Hurricaine: The Last Witnesses

Hurricaine: The Last Witnesses, Hurricane Pilots Tells the Story of the Fighter than Won the Battle of Britain by Brian Milton. Great book covering Sydney Camm's fighter that was responsible for shooting down more aircraft than the Spitfire during that epic battle. John Ellacombe tells of his stay at a hospital (page 112):


"I went into the hospital after bailing out of my burning Hurricane and when I was recovering in a ward, there was another chap there. I was delighted to find that it was Frank Czajkowski, the Polish pilot who had gone down in the first sortie.

He said, "John they've taken all the mirrors out of the room but I've got a little mirror here. Look at your face, it looks very funny."

They had sprayed tannic acid that forms a great big scab. The doctor and the nurse were furious with me, that Frank had done that. But he was a great character, and had been wounded in the leg and in the shoulder. He used to go off in his wheelchair and he came back one day and said, "John , there's a German ward about three wards away and they've got a lot of German airmen in there. One of them was from the Heinkel you shot down on 24 August. I've been talking to them.

Then the young doctor came in and he said, "Look, I speak fluent German. Keep Czajkowski out of my ward. He' telling them we're going to get them better and then interrogate them and shoot them - and they're not getting better."

So Frank was not allowed to go in there any more."
 
Hey! Will you take a line?

FDR was secreted away on the cruiser Augusta to Argentia where he would meet for a few days with Prime Minister Winston Churchill. At Argentia was the British Battleship Prince of Wales.

"President Roosevelt was transported from the Augusta to the Prince of Wales in U. S. destroyer McDougal, whose bow was level with the Augusta's main deck and the British battleship's stern.
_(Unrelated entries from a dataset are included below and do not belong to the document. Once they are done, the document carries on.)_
(* Let $a\in\{-2,-1,0,1,2\}$. As formal power series in $q$ and $x$, $$\sum_{t\geq0} \widetilde{U}_t(a,q)x^t=\prod_{n=1}^{\infty}\frac{1}{(1+aq^{2n-1}+q^{2(2n-1)})(1-q^{2n})}\cdot \left(1+2\sum_{n\geq 1}te_n\left(\frac{x+a+2}{4}\right)q^{n^2}\right).$$
   Context: For $a\in\{-2,-1,0,1,2\}$ and integer $t\geq 0$, $\widetilde{U}_t(a,q)=\sum \prod_{k=1}^t \frac{q^{n_k}}{1+aq^{n_k}+q^{2n_k}}$, where the sum runs over all $t$-tuples of odd positive integers $n_1<n_2<\cdots<n_t$ (so $\widetilde{U}_0(a,q)=1$). $T_m$ denotes the Chebyshev polynomial of the first kind, $T_m(\cos\theta)=\cos(m\theta)$, and $te_n(x):=T_{2n}(\sqrt{x})$ (a polynomial in $x$). *)

theory Defs
  imports "HOL-Analysis.Analysis" "HOL-Computational_Algebra.Formal_Power_Series"
    "HOL-Computational_Algebra.Polynomial"
begin

fun cheb :: "nat \<Rightarrow> real poly" where
  "cheb 0 = 1"
| "cheb (Suc 0) = [:0, 1:]"
| "cheb (Suc (Suc m)) = smult 2 [:0, 1:] * cheb (Suc m) - cheb m"

text \<open>te_n(x) = T_(2n)(sqrt x): T_(2n) is an even polynomial of degree 2n, so
  te_n is the polynomial whose k-th coefficient is the (2k)-th coefficient of T_(2n).\<close>
definition te :: "nat \<Rightarrow> real poly" where
  "te n = Poly (map (\<lambda>k. coeff (cheb (2 * n)) (2 * k)) [0..<Suc n])"

definition Ut :: "int \<Rightarrow> nat \<Rightarrow> 'a::{comm_ring_1,inverse} fps" where
  "Ut a t = infsum (\<lambda>S. \<Prod>n\<in>S. fps_X ^ n * inverse (1 + of_int a * fps_X ^ n + fps_X ^ (2 * n)))
              {S. finite S \<and> card S = t \<and> (\<forall>n\<in>S. odd n)}"

definition fps_infprod :: "(nat \<Rightarrow> 'a::comm_ring_1 fps) \<Rightarrow> 'a fps" where
  "fps_infprod f = lim (\<lambda>N. \<Prod>n\<in>{1..N}. f n)"

end
lemma herm_expansion_eq_hermite_series:
  "herm_expansion a p x = hermite_series (lift_coeffs p a) x"
proof -
  have inj: "inj_on (\<lambda>k. int \<circ> k) (multi_index_set p)"
    by (auto intro!: inj_onI simp: fun_eq_iff)
  have "hermite_series (lift_coeffs p a) x
      = (\<Sum>q\<in>(\<lambda>k. int \<circ> k) ` multi_index_set p. lift_coeffs p a q * hermite_multi_int q x)"
    by (intro hermite_series_eq_sum finite_imageI finite_multi_index_set lift_coeffs_support)
  also have "\<dots> = (\<Sum>k\<in>multi_index_set p. lift_coeffs p a (int \<circ> k) * hermite_multi_int (int \<circ> k) x)"
    by (subst sum.reindex[OF inj]) (simp only: comp_def)
  also have "\<dots> = herm_expansion a p x"
    unfolding herm_expansion_def by (intro sum.cong) (simp_all add: lift_coeffs_of_nat)
  finally show ?thesis ..
qed

lemma recursion_system_vanishes:
  "recursion_system S X a p phi \<Longrightarrow> int p < sum k UNIV \<or> (\<exists>l. k l < 0) \<Longrightarrow> phi k = 0"
  unfolding recursion_system_def by blast

lemma recursion_system_support:
  assumes "recursion_system S X a p phi" and "phi k \<noteq> 0"
  shows "0 \<le> k" and "sum k UNIV \<le> int p"
proof -
  have "\<not> (int p < sum k UNIV \<or> (\<exists>l. k l < 0))"
    using recursion_system_vanishes[OF assms(1), of k] assms(2) by blast
  then show "0 \<le> k" and "sum k UNIV \<le> int p"
    by (auto simp: le_fun_def not_less)
qed

lemma recursion_system_eq_lift_coeffs:
  assumes "recursion_system S X a p phi"
  shows "lift_coeffs p (\<lambda>k. phi (\<lambda>j. int (k j))) = phi"
proof
  fix q
  show "lift_coeffs p (\<lambda>k. phi (\<lambda>j. int (k j))) q = phi q"
  proof (cases "0 \<le> q \<and> sum q UNIV \<le> int p")
    case True
    then have "(\<lambda>j. int (nat (q j))) = q"
      by (simp add: le_fun_def fun_eq_iff)
    with True show ?thesis
      by (simp add: lift_coeffs_def)
  next
    case False
    then show ?thesis
      using recursion_system_support[OF assms, of q] by (auto simp: lift_coeffs_def)
  qed
qed

lemma sum_unit_mi [simp]: "sum (unit_mi l) UNIV = 1" for l :: "'n::finite"
  by (simp add: unit_mi_def)

lemma recursion_system_vanishes_above:
  assumes "recursion_system S X a p phi" and "int p < sum q UNIV" and "0 \<le> sum v UNIV"
  shows "phi (q + v) = 0"
proof -
  have "sum (q + v) UNIV = sum q UNIV + sum v UNIV"
    by (simp add: plus_fun_def sum.distrib)
  then show ?thesis
    using assms by (intro recursion_system_vanishes) auto
qed

lemma recursion_system_step:
  assumes "recursion_system S X a p phi" and "1 \<le> sum q UNIV" and "sum q UNIV \<le> p"
  shows "recursion_lhs S phi (int \<circ> q) = a q + recursion_rhs S X phi (int \<circ> q)"
proof -
  have index: "phi (int \<circ> q) = phi (\<lambda>j. int (q j))"
    "(int \<circ> q) + unit_mi m - unit_mi l = (\<lambda>j. int (q j) + unit_mi m j - unit_mi l j)"
    "(int \<circ> q) + unit_mi m = (\<lambda>j. int (q j) + unit_mi m j)"
    "(int \<circ> q) + unit_mi m + unit_mi l = (\<lambda>j. int (q j) + unit_mi m j + unit_mi l j)"
    "(int \<circ> q) + 2 * unit_mi l = (\<lambda>j. int (q j) + 2 * unit_mi l j)"
    for m l by (simp_all add: fun_eq_iff comp_def)
  have coeff: "real_of_int ((int \<circ> q) m) = real (q m)"
    "real_of_int ((int \<circ> q) m + 1) = real (q m + 1)"
    "real_of_int ((int \<circ> q) m + 2) = real (q m + 2)"
    for m by simp_all
  note step = conjunct2[OF assms(1)[unfolded recursion_system_def], rule_format, OF conjI[OF assms(2,3)]]
  show ?thesis
    unfolding recursion_lhs_def recursion_rhs_def index(1,2,4,5) coeff unfolding index(3)
    using step by linarith
qed

lemma recursion_lhs_zero:
  assumes "recursion_system S X a p phi"
  shows "recursion_lhs S phi 0 = 0"
proof -
  have "phi (unit_mi m - unit_mi l) = 0" if "m \<noteq> l" for m l
  proof -
    have "\<not> 0 \<le> unit_mi m - unit_mi l"
      using that by (auto simp: le_fun_def intro!: exI[of _ l])
    then show ?thesis
      using recursion_system_support(1)[OF assms] by blast
  qed
  then show ?thesis
    by (simp add: recursion_lhs_def)
qed

lemma recursion_rhs_zero:
  "recursion_rhs S X phi 0 = recursion_const S X a phi - a (\<lambda>_. 0)"
proof -
  have "unit_mi m + unit_mi l = (\<lambda>j. unit_mi m j + unit_mi l j)"
    and "2 * unit_mi l = (\<lambda>j. 2 * unit_mi l j)" for m l :: 'a
    by (simp_all add: fun_eq_iff)
  moreover have "2 * (2 - S$l$l) * 2 * c = 4 * (2 - S$l$l) * c" for l and c :: real
    by simp
  ultimately show ?thesis
    by (simp add: recursion_rhs_def recursion_const_def)
qed

lemma recursion_rhs_minus_lhs:
  fixes S :: "real^'n::finite^'n"
  assumes R: "recursion_system S X a p phi" and "0 \<le> q"
  shows "recursion_rhs S X phi q - recursion_lhs S phi q
    = (if q = 0 then recursion_const S X a phi else 0) - lift_coeffs p a q"
proof -
  have "0 \<le> sum q UNIV"
    using \<open>0 \<le> q\<close> by (simp add: sum_nonneg le_fun_def)
  then consider "sum q UNIV = 0" | "1 \<le> sum q UNIV" "sum q UNIV \<le> int p" | "int p < sum q UNIV"
    by linarith
  then show ?thesis
  proof cases
    case 1
    then have "q = 0"
      using \<open>0 \<le> q\<close> by (simp add: sum_nonneg_eq_0_iff le_fun_def fun_eq_iff)
    moreover have "lift_coeffs p a 0 = a (\<lambda>_. 0)"
      by (simp add: lift_coeffs_def comp_def)
    ultimately show ?thesis
      by (simp add: recursion_lhs_zero[OF R] recursion_rhs_zero)
  next
    case 2
    define n where "n = nat \<circ> q"
    have q: "q = int \<circ> n"
      using \<open>0 \<le> q\<close> by (simp add: n_def le_fun_def fun_eq_iff)
    have "sum q UNIV = int (sum n UNIV)"
      by (simp add: q)
    then have "1 \<le> sum n UNIV" "sum n UNIV \<le> p"
      using 2 by linarith+
    moreover have "q \<noteq> 0"
      using 2 by auto
    ultimately show ?thesis
      using recursion_system_step[OF R] 2 by (simp add: q lift_coeffs_def comp_def le_fun_def)
  next
    case 3
    have shifted: "phi (q + v) = 0" if "0 \<le> sum v UNIV" for v
      using recursion_system_vanishes_above[OF R 3 that] .
    have "phi q = 0"
      using recursion_system_vanishes[OF R] 3 by blast
    moreover have "phi (q + unit_mi m - unit_mi l) = 0" for m l
    proof -
      have "sum (unit_mi m - unit_mi l) UNIV = 0"
        by (simp add: fun_diff_def sum_subtractf)
      then show ?thesis
        using shifted[of "unit_mi m - unit_mi l"] by (simp add: add_diff_eq)
    qed
    moreover have "phi (q + unit_mi m) = 0" for m
      using shifted[of "unit_mi m"] by simp
    moreover have "phi (q + unit_mi m + unit_mi l) = 0" for m l
    proof -
      have "sum (unit_mi m + unit_mi l) UNIV = 2"
        by (simp add: plus_fun_def sum.distrib)
      then show ?thesis
        using shifted[of "unit_mi m + unit_mi l"] by (simp add: add.assoc)
    qed
    moreover have "phi (q + 2 * unit_mi l) = 0" for l
    proof -
      have "sum (2 * unit_mi l) UNIV = 2"
        by (simp add: times_fun_def sum_distrib_left[symmetric])
      then show ?thesis
        using shifted[of "2 * unit_mi l"] by simp
    qed
    ultimately have "recursion_lhs S phi q = 0" and "recursion_rhs S X phi q = 0"
      by (simp_all add: recursion_lhs_def recursion_rhs_def)
    moreover have "q \<noteq> 0"
      using 3 by auto
    ultimately show ?thesis
      using 3 by (simp add: lift_coeffs_def)
  qed
qed

lemma recursion_system_finitely_supported:
  "recursion_system S X a p phi \<Longrightarrow> finitely_supported phi"
  using finitely_supported_lift_coeffs by (metis recursion_system_eq_lift_coeffs)

lemma recursion_system_drift_diffusion:
  fixes S :: "real^'n::finite^'n"
  assumes R: "recursion_system S X a p phi"
  shows "- (\<Sum>l\<in>UNIV. \<Sum>m\<in>UNIV. (x$l - X$l) * S$l$m * partial_deriv m (hermite_series phi) x)
      + laplacian (hermite_series phi) x
    = - herm_expansion a p x + recursion_const S X a phi"
proof -
  have "- (\<Sum>l\<in>UNIV. \<Sum>m\<in>UNIV. (x$l - X$l) * S$l$m * partial_deriv m (hermite_series phi) x)
      + laplacian (hermite_series phi) x
    = hermite_series (\<lambda>q. recursion_rhs S X phi q - recursion_lhs S phi q) x"
    using recursion_system_finitely_supported[OF R] recursion_system_support(1)[OF R]
    by (rule drift_diffusion_hermite_series)
  also have "\<dots> = hermite_series (\<lambda>q. (if q = 0 then recursion_const S X a phi else 0) - lift_coeffs p a q) x"
    by (intro hermite_series_cong recursion_rhs_minus_lhs[OF R])
  also have "\<dots> = - herm_expansion a p x + recursion_const S X a phi"
    by (simp add: hermite_series_diff hermite_series_delta herm_expansion_eq_hermite_series)
  finally show ?thesis .
qed

section \<open>The Gaussian weight\<close>

lemma matrix_inv_symmetric:
  fixes A :: "real^'n::finite^'n"
  assumes sym: "transpose A = A" and pos: "\<And>v. v \<noteq> 0 \<Longrightarrow> 0 < v \<bullet> (A *v v)"
  shows "transpose (matrix_inv A) = matrix_inv A"
proof -
  have "inj ((*v) A)"
  proof (rule injI)
    fix u w
    assume "A *v u = A *v w"
    then have "A *v (u - w) = 0"
      by (simp add: matrix_vector_mult_diff_distrib)
    then show "u = w"
      using pos[of "u - w"] by auto
  qed
  then have "invertible A"
    using matrix_left_invertible_injective invertible_left_inverse by blast
  then have inv: "A ** matrix_inv A = mat 1" "matrix_inv A ** A = mat 1"
    unfolding matrix_inv_def invertible_def by (metis (mono_tags, lifting) someI_ex)+
  have "transpose (matrix_inv A) ** A = mat 1"
    using inv(1) sym by (metis matrix_transpose_mul transpose_mat)
  then have "transpose (matrix_inv A) = transpose (matrix_inv A) ** (A ** matrix_inv A)"
    using inv(1) by simp
  also have "\<dots> = matrix_inv A"
    by (simp add: matrix_mul_assoc \<open>transpose (matrix_inv A) ** A = mat 1\<close>)
  finally show ?thesis .
qed

lemma quadratic_form_line_deriv:
  fixes S :: "real^'n::finite^'n"
  assumes "transpose S = S"
  shows "((\<lambda>t. (v + t *\<^sub>R axis i 1) \<bullet> (S *v (v + t *\<^sub>R axis i 1))) has_real_derivative
           2 * (S *v v) $ i) (at 0)"
proof -
  define e :: "real^'n" where "e = axis i 1"
  have "v \<bullet> (S *v e) = (\<Sum>j\<in>UNIV. v $ j * transpose S $ i $ j)"
    unfolding e_def inner_vec_def matrix_vector_mult_def
    by (simp add: axis_def transpose_def if_distrib cong: if_cong)
  then have cross: "v \<bullet> (S *v e) = (S *v v) $ i"
    using assms by (simp add: matrix_vector_mult_def mult.commute)
  have "e \<bullet> (S *v v) = (S *v v) $ i"
    unfolding e_def by (simp add: inner_axis')
  then have "(\<lambda>t. (v + t *\<^sub>R e) \<bullet> (S *v (v + t *\<^sub>R e)))
      = (\<lambda>t. v \<bullet> (S *v v) + t * (2 * (S *v v) $ i) + t\<^sup>2 * (e \<bullet> (S *v e)))"
    using cross by (simp add: fun_eq_iff algebra_simps inner_add_left inner_add_right power2_eq_square)
  then show ?thesis
    unfolding e_def[symmetric] by (auto intro!: derivative_eq_intros)
qed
It was a ticklish performance. When the destroyer made a Chinese landing (bow to stern) on the Prince, the British crew was drawn up at attention along the rail, Mr. Churchill alone being on the fantail to receive the President. A chief boatswain's mate of McDougal hailed the Premier with "Hey! Will you take a line?" Mr. Churchill replied, "Certainly" and not only caught the line but hauled it most of the way in before British tars came to his assistant."

The boatswain's mate was truly American and Churchill humble enough to oblige him./images/smilies/smiley_abused.gif Incident is from the footnote on page 70 of Samuel Eliot Morrison's The History United States Naval Operations in World War II: The Battle of the Atlantic, 1939-1943. Vol 1.